For anyone unfamiliar, ECM is a Munich record label, founded almost 50 years ago – and still run – by producer extraordinaire Manfred Eicher. Initially the focus was on modern jazz music, but in the mid-eighties Eicher established the parallel ‘ECM New Series’ imprint to cover classical music.

It may be because the boss is a producer that ECM is famed for exceptional recording quality and detail. It’s tempting to think that the New Series seemed at once boldly contemporary (featuring composers linked to minimalism, like Arvo Pärt and Steve Reich) and wilfully archaeological (the exquisite early choral recordings of Trio Mediaeval or the Hilliard Ensemble), because these ‘extremes’ of classical music particularly benefited from such finely-wrought clarity.

This wide variety means that while there isn’t an ‘ECM sound’ as such, there’s definitely an ECM aesthetic. As well as making the records sound gorgeous, the label’s sleeve design – even into the CD era – has a largely abstract austerity that totally fits its musical output: enigmatic yet welcoming, arty, classy, attractive, open to wide interpretation.


This strong identity is arguably what kept ECM away from streaming platforms for as long as possible: the physical object, played on the best equipment you can muster, is part of their ideal. However, the fact that Eicher and co have now given in means you can at least explore a remarkable range of beautifully documented music at great leisure (and little or no cost) – hopefully on a ‘try before you buy’ basis, as a shelfful or so of ECM releases is a truly joyful sight.

Perhaps treating all of its artists with the same sonic respect, whatever the genre, is the engine behind another distinctive feature of ECM’s output: inspired collaborations.

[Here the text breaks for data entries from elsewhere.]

section \<open>The triangle with bisector feet \<open>0\<close>, \<open>1\<close>, \<open>-1 + i\<close>\<close>

lemma side_lengths_vertex_from_feet:
  fixes a b c :: real
  assumes "a > 0" "b > 0" "c > 0"
  defines "A' \<equiv> vertex_from_feet a b c 0 1 (Complex (-1) 1)"
    and "B' \<equiv> vertex_from_feet b c a 1 (Complex (-1) 1) 0"
    and "C' \<equiv> vertex_from_feet c a b (Complex (-1) 1) 0 1"
  shows "(2 * b * c * dist B' C') ^ 2 = (b + c) ^ 2 * ((2 * a + b + c) ^ 2 + (a + b) ^ 2)"
    and "(2 * a * c * dist C' A') ^ 2 = (a + c) ^ 2 * ((2 * a + b - c) ^ 2 + (a + b) ^ 2)"
    and "(2 * a * b * dist A' B') ^ 2 = (a + b) ^ 2 * ((2 * a - b + c) ^ 2 + (a - b) ^ 2)"
    and "is_triangle A' B' C'"
proof -
  have A': "A' = Complex ((c - b) / (2 * a)) ((a + b) / (2 * a))"
    and B': "B' = Complex (- (2 * a + b + c) / (2 * b)) ((a + b) / (2 * b))"
    and C': "C' = Complex ((2 * a + b + c) / (2 * c)) (- (a + b) / (2 * c))"
    unfolding A'_def B'_def C'_def vertex_from_feet_def using assms(1-3)
    by (simp_all add: complex_eq_iff field_simps)
  show "(2 * b * c * dist B' C') ^ 2 = (b + c) ^ 2 * ((2 * a + b + c) ^ 2 + (a + b) ^ 2)"
    "(2 * a * c * dist C' A') ^ 2 = (a + c) ^ 2 * ((2 * a + b - c) ^ 2 + (a + b) ^ 2)"
    "(2 * a * b * dist A' B') ^ 2 = (a + b) ^ 2 * ((2 * a - b + c) ^ 2 + (a - b) ^ 2)"
    unfolding A' B' C' dist_norm power_mult_distrib cmod_power2 using assms(1-3)
    by (simp_all add: field_simps power2_eq_square)
  have "Im (cnj (B' - A') * (C' - A')) = (a + b) * (a + c) * (b + c) / (2 * a * b * c)"
    unfolding A' B' C' using assms(1-3) by (simp add: field_simps)
  moreover have "(a + b) * (a + c) * (b + c) / (2 * a * b * c) > 0" using assms(1-3) by simp
  ultimately show "is_triangle A' B' C'"
    unfolding is_triangle_def using collinear_Im_cnj_mult by fastforce
qed

text \<open>Elimination of \<open>b\<close> from the side equations below: a combination of their two
  differences with polynomial coefficients.\<close>
lemma side_equations_elimination:
  fixes a b c :: real
  shows "(48550*c^6 + 64150*b*c^5 + 71400*b^2*c^4 + 99757*a*c^5 + 146946*a*b*c^4 + 155014*a*b^2*c^3 - 13136*a*b^3*c^2 - 39456*a*b^4*c - 22137*a^2*c^4 + 58596*a^2*b*c^3 + 19038*a^2*b^2*c^2 - 21776*a^2*b^3*c - 39456*a^2*b^4 - 145032*a^3*c^3 - 42580*a^3*b*c^2 - 35398*a^3*b^2*c - 8640*a^3*b^3 - 28438*a^4*c^2 - 20810*a^4*b*c + 29178*a^4*b^2 + 45275*a^5*c - 2430*a^5*b + 2025*a^6) * ((a+c)^2*((2*a+b-c)^2+(a+b)^2) - (b+c)^2*((2*a+b+c)^2+(a+b)^2))
    + (- 59375*c^6 - 53800*b*c^5 - 56200*b^2*c^4 - 17850*b^3*c^3 - 129550*a*c^5 - 120142*a*b*c^4 - 82993*a*b^2*c^3 - 10432*a*b^3*c^2 + 25478*a*b^4*c + 9864*a*b^5 + 29183*a^2*c^4 - 23852*a^2*b*c^3 + 23675*a^2*b^2*c^2 + 35382*a^2*b^3*c + 19422*a^2*b^4 + 164291*a^3*c^3 + 65954*a^3*b*c^2 + 909*a^3*b^2*c - 5364*a^3*b^3 + 8222*a^4*c^2 - 25047*a^4*b^2 - 38255*a^5*c) * ((a+b)^2*((2*a-b+c)^2+(a-b)^2) - (b+c)^2*((2*a+b+c)^2+(a+b)^2))
    = 125 * (a+c)^3 * (a-c)^3 * (81*a^4+378*a^3*c+270*a^2*c^2-606*a*c^3-475*c^4)"
  by algebra

lemma side_equations_imp_quartic:
  fixes a b c :: real
  assumes "a > 0" "b > 0" "c > 0"
    and K1: "(2 * a * b * c) ^ 2 = (b + c) ^ 2 * ((2 * a + b + c) ^ 2 + (a + b) ^ 2)"
    and K2: "(2 * a * b * c) ^ 2 = (a + c) ^ 2 * ((2 * a + b - c) ^ 2 + (a + b) ^ 2)"
    and K3: "(2 * a * b * c) ^ 2 = (a + b) ^ 2 * ((2 * a - b + c) ^ 2 + (a - b) ^ 2)"
  shows "81 * a ^ 4 + 378 * a ^ 3 * c + 270 * a ^ 2 * c ^ 2 - 606 * a * c ^ 3 - 475 * c ^ 4 = 0"
proof -
  have g1: "(a+c)^2*((2*a+b-c)^2+(a+b)^2) - (b+c)^2*((2*a+b+c)^2+(a+b)^2) = 0"
    and g2: "(a+b)^2*((2*a-b+c)^2+(a-b)^2) - (b+c)^2*((2*a+b+c)^2+(a+b)^2) = 0"
    using K1 K2 K3 by simp_all
  have "a \<noteq> c"
  proof
    assume "a = c"
    then have "(a + b) ^ 2 * (2 * a ^ 2 + 8 * a * b + 2 * b ^ 2) = 0"
      using g1 by (simp add: algebra_simps power2_eq_square)
    moreover have "(a + b) ^ 2 * (2 * a ^ 2 + 8 * a * b + 2 * b ^ 2) > 0"
      using \<open>a > 0\<close> \<open>b > 0\<close> by (simp add: add_pos_pos)
    ultimately show False by linarith
  qed
  moreover have "125 * (a + c) ^ 3 * (a - c) ^ 3 *
      (81 * a ^ 4 + 378 * a ^ 3 * c + 270 * a ^ 2 * c ^ 2 - 606 * a * c ^ 3 - 475 * c ^ 4) = 0"
    using side_equations_elimination[of c b a] g1 g2 by simp
  ultimately show ?thesis using \<open>a > 0\<close> \<open>c > 0\<close> by simp
qed

lemma bisector_feet_not_in_quadratic_closure:
  assumes feet: "bisector_feet A' B' C' 0 1 (Complex (-1) 1)"
    and "A' \<in> quadratic_closure" "B' \<in> quadratic_closure" "C' \<in> quadratic_closure"
  shows False
proof -
  define a b c where "a = dist B' C'" and "b = dist C' A'" and "c = dist A' B'"
  have "is_triangle A' B' C'" and vertices: "A' = vertex_from_feet a b c 0 1 (Complex (-1) 1)"
    "B' = vertex_from_feet b c a 1 (Complex (-1) 1) 0" "C' = vertex_from_feet c a b (Complex (-1) 1) 0 1"
    using feet unfolding bisector_feet_iff_vertex_from_feet a_def b_def c_def by simp_all
  then have "A' \<noteq> B'" "B' \<noteq> C'" "C' \<noteq> A'"
    unfolding is_triangle_def by (auto simp: insert_commute collinear_2)
  then have pos: "a > 0" "b > 0" "c > 0" unfolding a_def b_def c_def by simp_all
  note sides = side_lengths_vertex_from_feet[OF pos, folded vertices]
  have "81 * a ^ 4 + 378 * a ^ 3 * c + 270 * a ^ 2 * c ^ 2 - 606 * a * c ^ 3 - 475 * c ^ 4 = 0"
    using side_equations_imp_quartic[OF pos] sides(1-3) unfolding a_def b_def c_def
    by (simp add: mult_ac)
  moreover define u where "u = 3 * a / c"
  then have "3 * a = u * c" using pos by simp
  then have "81 * a ^ 4 + 378 * a ^ 3 * c + 270 * a ^ 2 * c ^ 2 - 606 * a * c ^ 3 - 475 * c ^ 4 =
      c ^ 4 * (u ^ 4 + 14 * u ^ 3 + 30 * u ^ 2 - 202 * u - 475)"
    by algebra
  ultimately have "u ^ 4 + 14 * u ^ 3 + 30 * u ^ 2 - 202 * u - 475 = 0" using pos by simp
  then have "complex_of_real u ^ 4 + 14 * complex_of_real u ^ 3 + 30 * complex_of_real u ^ 2
      - 202 * complex_of_real u - 475 = 0"
    by (metis (mono_tags) of_real_0 of_real_add of_real_diff of_real_mult of_real_numeral of_real_power)
  moreover have "complex_of_real u \<in> quadratic_closure"
    using quadratic_closure_norm quadratic_closure_closed assms(2-4)
    unfolding u_def a_def c_def dist_norm by simp
  ultimately show False using quartic_no_root_quadratic_closure by blast
qed

lemma bisector_feet_of_side_equations:
  fixes a b c :: real
  assumes pos: "a > 0" "b > 0" "c > 0"
    and k12: "(b + c) ^ 2 * ((2 * a + b + c) ^ 2 + (a + b) ^ 2) = (a + c) ^ 2 * ((2 * a + b - c) ^ 2 + (a + b) ^ 2)"
    and k13: "(b + c) ^ 2 * ((2 * a + b + c) ^ 2 + (a + b) ^ 2) = (a + b) ^ 2 * ((2 * a - b + c) ^ 2 + (a - b) ^ 2)"
  shows "bisector_feet (vertex_from_feet a b c 0 1 (Complex (-1) 1))
           (vertex_from_feet b c a 1 (Complex (-1) 1) 0) (vertex_from_feet c a b (Complex (-1) 1) 0 1)
           0 1 (Complex (-1) 1)"
proof -
  define A' where "A' = vertex_from_feet a b c 0 1 (Complex (-1) 1)"
  define B' where "B' = vertex_from_feet b c a 1 (Complex (-1) 1) 0"
  define C' where "C' = vertex_from_feet c a b (Complex (-1) 1) 0 1"
  define K where "K = (b + c) ^ 2 * ((2 * a + b + c) ^ 2 + (a + b) ^ 2)"
  define s where "s = sqrt K / (2 * a * b * c)"
  have "K > 0" unfolding K_def using pos by (intro mult_pos_pos) (auto intro: add_pos_nonneg)
  then have "s > 0" unfolding s_def using pos by simp
  have dist_eq: "d = sqrt K / m" if "(m * d) ^ 2 = K" "m > 0" "d \<ge> 0" for d m :: real
  proof -
    have "sqrt K = m * d" unfolding that(1)[symmetric] real_sqrt_abs using that(2,3) by simp
    then show ?thesis using \<open>m > 0\<close> by simp
  qed
  note sides = side_lengths_vertex_from_feet[OF pos, folded A'_def B'_def C'_def]
  have "dist B' C' = s * a" "dist C' A' = s * b" "dist A' B' = s * c"
    using dist_eq[OF sides(1)[folded K_def]] dist_eq[OF sides(2)[folded k12, folded K_def]]
      dist_eq[OF sides(3)[folded k13, folded K_def]] pos
    unfolding s_def by (simp_all add: field_simps)
  then show ?thesis
    unfolding bisector_feet_iff_vertex_from_feet A'_def[symmetric] B'_def[symmetric] C'_def[symmetric]
    using sides(4) vertex_from_feet_scale \<open>s > 0\<close> unfolding A'_def B'_def C'_def by simp
qed

lemma bisector_feet_exist: "\<exists>A' B' C'. bisector_feet A' B' C' 0 1 (Complex (-1) 1)"
proof -
  define f where "f u = u ^ 4 + 14 * u ^ 3 + 30 * u ^ 2 - 202 * u - 475" for u :: real
  have "f 3.58 \<le> 0" "0 \<le> f 3.6" unfolding f_def by (simp_all add: power_numeral_reduce)
  moreover have "\<forall>x. 3.58 \<le> x \<and> x \<le> 3.6 \<longrightarrow> isCont f x" unfolding f_def
    by (intro allI impI continuous_intros)
  ultimately obtain u where u: "3.58 \<le> u" "u \<le> 3.6" and fu: "f u = 0"
    using IVT[of f "3.58" 0 "3.6"] by auto
  have root: "u ^ 4 + 14 * u ^ 3 + 30 * u ^ 2 - 202 * u - 475 = 0" using fu unfolding f_def .
  txt \<open>With \<open>a = u\<close> and \<open>c = 3\<close>, this \<open>b\<close> is the common root of the two side equations.\<close>
  define b where "b = (67 + 15 * u - 5 * u ^ 2 - u ^ 3) / 16"
  have "u ^ 2 \<le> 3.6 ^ 2" "u ^ 3 \<le> 3.6 ^ 3" using u by (intro power_mono; simp)+
  then have "b > 0" "u > 0" unfolding b_def using u by (simp_all add: power_numeral_reduce)
  moreover have b16: "16 * b = 67 + 15 * u - 5 * u ^ 2 - u ^ 3" unfolding b_def by simp
  have "(b + 3) ^ 2 * ((2 * u + b + 3) ^ 2 + (u + b) ^ 2) = (u + 3) ^ 2 * ((2 * u + b - 3) ^ 2 + (u + b) ^ 2)"
    "(b + 3) ^ 2 * ((2 * u + b + 3) ^ 2 + (u + b) ^ 2) = (u + b) ^ 2 * ((2 * u - b + 3) ^ 2 + (u - b) ^ 2)"
    using root b16 by algebra+
  ultimately show ?thesis using bisector_feet_of_side_equations[of u b 3] by auto
qed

Eicher seems to delight in bringing musicians on the label from both jazz and classical camps together, resulting in highly rewarding joint releases, without compromising the spirit of their individual recordings.

This is a key theme in my very personal ECM playlist. There’s a run of three tracks where Norwegian saxophonist Jan Garbarek first plays with a group of Pakistani musicians, followed by a selection from his celebrated partnership with the Hilliard Ensemble – then we hear the Hilliards on their own performing a striking contemporary piece in contrast to their original ‘early music’ idiom.

Latterly, the Trio Mediaeval have recorded an album with trumpeter Arve Henriksen – a record that, while very different, seems to rejoice in a similar spirit, and a choice from this starts the whole playlist off. Bringing proceedings to a close is John Surman – another versatile saxophonist who can career from furious hard bop to drones/electronica and all points in between. However, his two albums with a string quartet are real jewels in ECM’s crown, as I hope ‘At Dusk’ proves.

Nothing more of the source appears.